lemma R_rc_mono:
  assumes "\<And>i. i \<in> {1..n} \<Longrightarrow> 0 \<le> lam i" "0 < T" "T \<le> T'"
  shows "R_rc n lam T \<le> R_rc n lam T'"
proof -
  have "log 2 (1 + lam i * T) \<le> log 2 (1 + lam i * T')" if "i \<in> {1..n}" for i
    using assms(1)[OF that] assms(2,3) by (simp add: mult_left_mono add_pos_nonneg)
  then have "(\<Sum>i=1..n. log 2 (1 + lam i * T)) \<le> (\<Sum>i=1..n. log 2 (1 + lam i * T'))"
    by (rule sum_mono)
  then show ?thesis
    by (simp add: R_rc_def divide_right_mono)
qed

lemma RR_rc_less_flatten_on:
  assumes "lam \<in> Lset n" "n \<ge> 1" "0 < D" "D < 1" "S \<subseteq> {1..n}"
    and "i \<in> S" "j \<in> S" "lam i \<noteq> lam j"
  shows "RR_rc n lam D < RR_rc n (flatten_on S lam) D"
proof -
  let ?lam' = "flatten_on S lam"
  let ?T = "T_rc n lam D" and ?T' = "T_rc n ?lam' D"
  have L': "?lam' \<in> Lset n"
    using flatten_on_Lset[OF assms(1,5)] .
  note T = T_rc_spec[OF assms(1-4)] and T' = T_rc_spec[OF L' assms(2-4)]
  have "D \<le> D_rc n ?lam' ?T"
    using D_rc_le_flatten_on[where lam = lam, OF assms(5) Lset_nonneg[OF assms(1)] T(1)] T(2) by simp
  then have "?T \<le> ?T'"
    using D_rc_strict_antimono[OF L' assms(2) T'(1), of ?T] T'(2) by force
  have "R_rc n lam ?T < R_rc n ?lam' ?T"
    using R_rc_less_flatten_on[where lam = lam, OF assms(5) Lset_nonneg[OF assms(1)] T(1) assms(6-8)] .
  also have "\<dots> \<le> R_rc n ?lam' ?T'"
    using R_rc_mono[where lam = ?lam', OF Lset_nonneg[OF L'] T(1) \<open>?T \<le> ?T'\<close>] .
  finally show ?thesis
    by (simp add: RR_rc_def)
qed

lemma t_wf_flatten_on:
  assumes "lam \<in> Lset n" "n \<ge> 1" "0 < D" "D < 1" "S \<subseteq> {1..n}"
    and "\<And>i. i \<in> S \<Longrightarrow> lam i \<le> t_wf n lam D"
  shows "t_wf n (flatten_on S lam) D = t_wf n lam D"
  using t_wf_eqI[OF flatten_on_Lset[OF assms(1,5)] assms(2,4)] t_wf_spec[OF assms(1-4)]
    D_wf_flatten_on[OF assms(5,6)] by simp

lemma RR_wf_flatten_on:
  assumes "lam \<in> Lset n" "n \<ge> 1" "0 < D" "D < 1" "S \<subseteq> {1..n}"
    and "\<And>i. i \<in> S \<Longrightarrow> lam i \<le> t_wf n lam D"
  shows "RR_wf n (flatten_on S lam) D = RR_wf n lam D"
proof -
  have "R_wf n (flatten_on S lam) (t_wf n lam D) = R_wf n lam (t_wf n lam D)"
    using assms(5,6) Lset_nonneg[OF assms(1)] by (intro R_wf_flatten_on) auto
  then show ?thesis
    using t_wf_flatten_on[OF assms] by (simp add: RR_wf_def)
qed

lemma Gobj_less_flatten_on:
  assumes "lam \<in> Lset n" "n \<ge> 1" "0 < D" "D < 1" "S \<subseteq> {1..n}"
    and "\<And>i. i \<in> S \<Longrightarrow> lam i \<le> t_wf n lam D"
    and "i \<in> S" "j \<in> S" "lam i \<noteq> lam j"
  shows "Gobj n D lam < Gobj n D (flatten_on S lam)"
  using RR_rc_less_flatten_on[OF assms(1-5,7-9)] RR_wf_flatten_on[OF assms(1-6)]
  by (simp add: Gobj_def)

lemma flatten_on_tail_mem_Fset:
  assumes "lam \<in> Fset n k D rho" "n \<ge> 1" "0 < D" "D < 1" "0 \<le> rho"
  shows "flatten_on {k+1..n} lam \<in> Fset n k D rho"
proof -
  let ?S = "{k+1..n}" and ?t = "t_wf n lam D"
  have L: "lam \<in> Lset n"
    and head: "\<And>i. i \<in> {1..k} \<Longrightarrow> ?t + rho \<le> lam i"
    and tail: "\<And>i. i \<in> ?S \<Longrightarrow> 0 \<le> lam i \<and> lam i \<le> ?t - rho"
    using assms(1) by (auto simp: Fset_def)
  have t': "t_wf n (flatten_on ?S lam) D = ?t"
    using tail assms(5) by (intro t_wf_flatten_on[OF L assms(2-4)]) force+
  have "0 \<le> mean_on ?S lam" "mean_on ?S lam \<le> ?t - rho" if "?S \<noteq> {}"
    using that tail by (auto intro: mean_on_ge mean_on_le)
  then show ?thesis
    using flatten_on_Lset[OF L] head tail t' by (auto simp: Fset_def flatten_on_def)
qed

theorem claimD2:
  fixes n k :: nat and Ds eps :: real and lamS :: "nat \<Rightarrow> real"
  assumes "n \<ge> 1" and "k \<le> n"
    and "0 < Ds" and "Ds < 1"
    and "0 < eps" and "eps < Ds"
    and "lamS \<in> Fset n k Ds (eps * (Ds - eps) / (2 * real n))"
    and "\<forall>lam \<in> Fset n k Ds (eps * (Ds - eps) / (2 * real n)). Gobj n Ds lam \<le> Gobj n Ds lamS"
  shows "\<forall>i\<in>{k+1..n}. \<forall>j\<in>{k+1..n}. lamS i = lamS j"
proof (rule ccontr)
  define rho where "rho = eps * (Ds - eps) / (2 * real n)"
  let ?S = "{k+1..n}"
  assume "\<not> ?thesis"
  then obtain i j where ij: "i \<in> ?S" "j \<in> ?S" "lamS i \<noteq> lamS j"
    by blast
  have "0 \<le> rho"
    using assms(5,6) by (simp add: rho_def)
  have "lamS \<in> Lset n" "\<And>i. i \<in> ?S \<Longrightarrow> lamS i \<le> t_wf n lamS Ds"
    using assms(7) \<open>0 \<le> rho\<close> by (force simp: Fset_def rho_def)+
  then have "Gobj n Ds lamS < Gobj n Ds (flatten_on ?S lamS)"
    using Gobj_less_flatten_on[OF _ assms(1,3,4) _ _ ij] by auto
  moreover have "flatten_on ?S lamS \<in> Fset n k Ds rho"
    using flatten_on_tail_mem_Fset assms(1,3,4,7) \<open>0 \<le> rho\<close> by (simp add: rho_def)
  ultimately show False
    using assms(8) by (force simp: rho_def)
qed

end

■ WHAT IS BEING ASKED
Down to the final line, write out all of the material exactly.

■ WRITTEN REPLY
lemma R_rc_mono:
  assumes "\<And>i. i \<in> {1..n} \<Longrightarrow> 0 \<le> lam i" "0 < T" "T \<le> T'"
  shows "R_rc n lam T \<le> R_rc n lam T'"
proof -
  have "log 2 (1 + lam i * T) \<le> log 2 (1 + lam i * T')" if "i \<in> {1..n}" for i
    using assms(1)[OF that] assms(2,3) by (simp add: mult_left_mono add_pos_nonneg)
  then have "(\<Sum>i=1..n. log 2 (1 + lam i * T)) \<le> (\<Sum>i=1..n. log 2 (1 + lam i * T'))"
    by (rule sum_mono)
  then show ?thesis
    by (simp add: R_rc_def divide_right_mono)
qed

lemma RR_rc_less_flatten_on:
  assumes "lam \<in> Lset n" "n \<ge> 1" "0 < D" "D < 1" "S \<subseteq> {1..n}"
    and "i \<in> S" "j \<in> S" "lam i \<noteq> lam j"
  shows "RR_rc n lam D < RR_rc n (flatten_on S lam) D"
proof -
  let ?lam' = "flatten_on S lam"
  let ?T = "T_rc n lam D" and ?T' = "T_rc n ?lam' D"
  have L': "?lam' \<in> Lset n"
    using flatten_on_Lset[OF assms(1,5)] .
  note T = T_rc_spec[OF assms(1-4)] and T' = T_rc_spec[OF L' assms(2-4)]
  have "D \<le> D_rc n ?lam' ?T"
    using D_rc_le_flatten_on[where lam = lam, OF assms(5) Lset_nonneg[OF assms(1)] T(1)] T(2) by simp
  then have "?T \<le> ?T'"
    using D_rc_strict_antimono[OF L' assms(2) T'(1), of ?T] T'(2) by force
  have "R_rc n lam ?T < R_rc n ?lam' ?T"
    using R_rc_less_flatten_on[where lam = lam, OF assms(5) Lset_nonneg[OF assms(1)] T(1) assms(6-8)] .
  also have "\<dots> \<le> R_rc n ?lam' ?T'"
    using R_rc_mono[where lam = ?lam', OF Lset_nonneg[OF L'] T(1) \<open>?T \<le> ?T'\<close>] .
  finally show ?thesis
    by (simp add: RR_rc_def)
qed

lemma t_wf_flatten_on:
  assumes "lam \<in> Lset n" "n \<ge> 1" "0 < D" "D < 1" "S \<subseteq> {1..n}"
    and "\<And>i. i \<in> S \<Longrightarrow> lam i \<le> t_wf n lam D"
  shows "t_wf n (flatten_on S lam) D = t_wf n lam D"
  using t_wf_eqI[OF flatten_on_Lset[OF assms(1,5)] assms(2,4)] t_wf_spec[OF assms(1-4)]
    D_wf_flatten_on[OF assms(5,6)] by simp

lemma RR_wf_flatten_on:
  assumes "lam \<in> Lset n" "n \<ge> 1" "0 < D" "D < 1" "S \<subseteq> {1..n}"
    and "\<And>i. i \<in> S \<Longrightarrow> lam i \<le> t_wf n lam D"
  shows "RR_wf n (flatten_on S lam) D = RR_wf n lam D"
proof -
  have "R_wf n (flatten_on S lam) (t_wf n lam D) = R_wf n lam (t_wf n lam D)"
    using assms(5,6) Lset_nonneg[OF assms(1)] by (intro R_wf_flatten_on) auto
  then show ?thesis
    using t_wf_flatten_on[OF assms] by (simp add: RR_wf_def)
qed

lemma Gobj_less_flatten_on:
  assumes "lam \<in> Lset n" "n \<ge> 1" "0 < D" "D < 1" "S \<subseteq> {1..n}"
    and "\<And>i. i \<in> S \<Longrightarrow> lam i \<le> t_wf n lam D"
    and "i \<in> S" "j \<in> S" "lam i \<noteq> lam j"
  shows "Gobj n D lam < Gobj n D (flatten_on S lam)"
  using RR_rc_less_flatten_on[OF assms(1-5,7-9)] RR_wf_flatten_on[OF assms(1-6)]
  by (simp add: Gobj_def)

lemma flatten_on_tail_mem_Fset:
  assumes "lam \<in> Fset n k D rho" "n \<ge> 1" "0 < D" "D < 1" "0 \<le> rho"
  shows "flatten_on {k+1..n} lam \<in> Fset n k D rho"
proof -
  let ?S = "{k+1..n}" and ?t = "t_wf n lam D"
  have L: "lam \<in> Lset n"
    and head: "\<And>i. i \<in> {1..k} \<Longrightarrow> ?t + rho \<le> lam i"
    and tail: "\<And>i. i \<in> ?S \<Longrightarrow> 0 \<le> lam i \<and> lam i \<le> ?t - rho"
    using assms(1) by (auto simp: Fset_def)
  have t': "t_wf n (flatten_on ?S lam) D = ?t"
    using tail assms(5) by (intro t_wf_flatten_on[OF L assms(2-4)]) force+
  have "0 \<le> mean_on ?S lam" "mean_on ?S lam \<le> ?t - rho" if "?S \<noteq> {}"
    using that tail by (auto intro: mean_on_ge mean_on_le)
  then show ?thesis
    using flatten_on_Lset[OF L] head tail t' by (auto simp: Fset_def flatten_on_def)
qed

theorem claimD2:
  fixes n k :: nat and Ds eps :: real and lamS :: "nat \<Rightarrow> real"
  assumes "n \<ge> 1" and "k \<le> n"
    and "0 < Ds" and "Ds < 1"
    and "0 < eps" and "eps < Ds"
    and "lamS \<in> Fset n k Ds (eps * (Ds - eps) / (2 * real n))"
    and "\<forall>lam \<in> Fset n k Ds (eps * (Ds - eps) / (2 * real n)). Gobj n Ds lam \<le> Gobj n Ds lamS"
  shows "\<forall>i\<in>{k+1..n}. \<forall>j\<in>{k+1..n}. lamS i = lamS j"
proof (rule ccontr)
  define rho where "rho = eps * (Ds - eps) / (2 * real n)"
  let ?S = "{k+1..n}"
  assume "\<not> ?thesis"
  then obtain i j where ij: "i \<in> ?S" "j \<in> ?S" "lamS i \<noteq> lamS j"
    by blast
  have "0 \<le> rho"
    using assms(5,6) by (simp add: rho_def)
  have "lamS \<in> Lset n" "\<And>i. i \<in> ?S \<Longrightarrow> lamS i \<le> t_wf n lamS Ds"
    using assms(7) \<open>0 \<le> rho\<close> by (force simp: Fset_def rho_def)+
  then have "Gobj n Ds lamS < Gobj n Ds (flatten_on ?S lamS)"
    using Gobj_less_flatten_on[OF _ assms(1,3,4) _ _ ij] by auto
  moreover have "flatten_on ?S lamS \<in> Fset n k Ds rho"
    using flatten_on_tail_mem_Fset assms(1,3,4,7) \<open>0 \<le> rho\<close> by (simp add: rho_def)
  ultimately show False
    using assms(8) by (force simp: rho_def)
qed

end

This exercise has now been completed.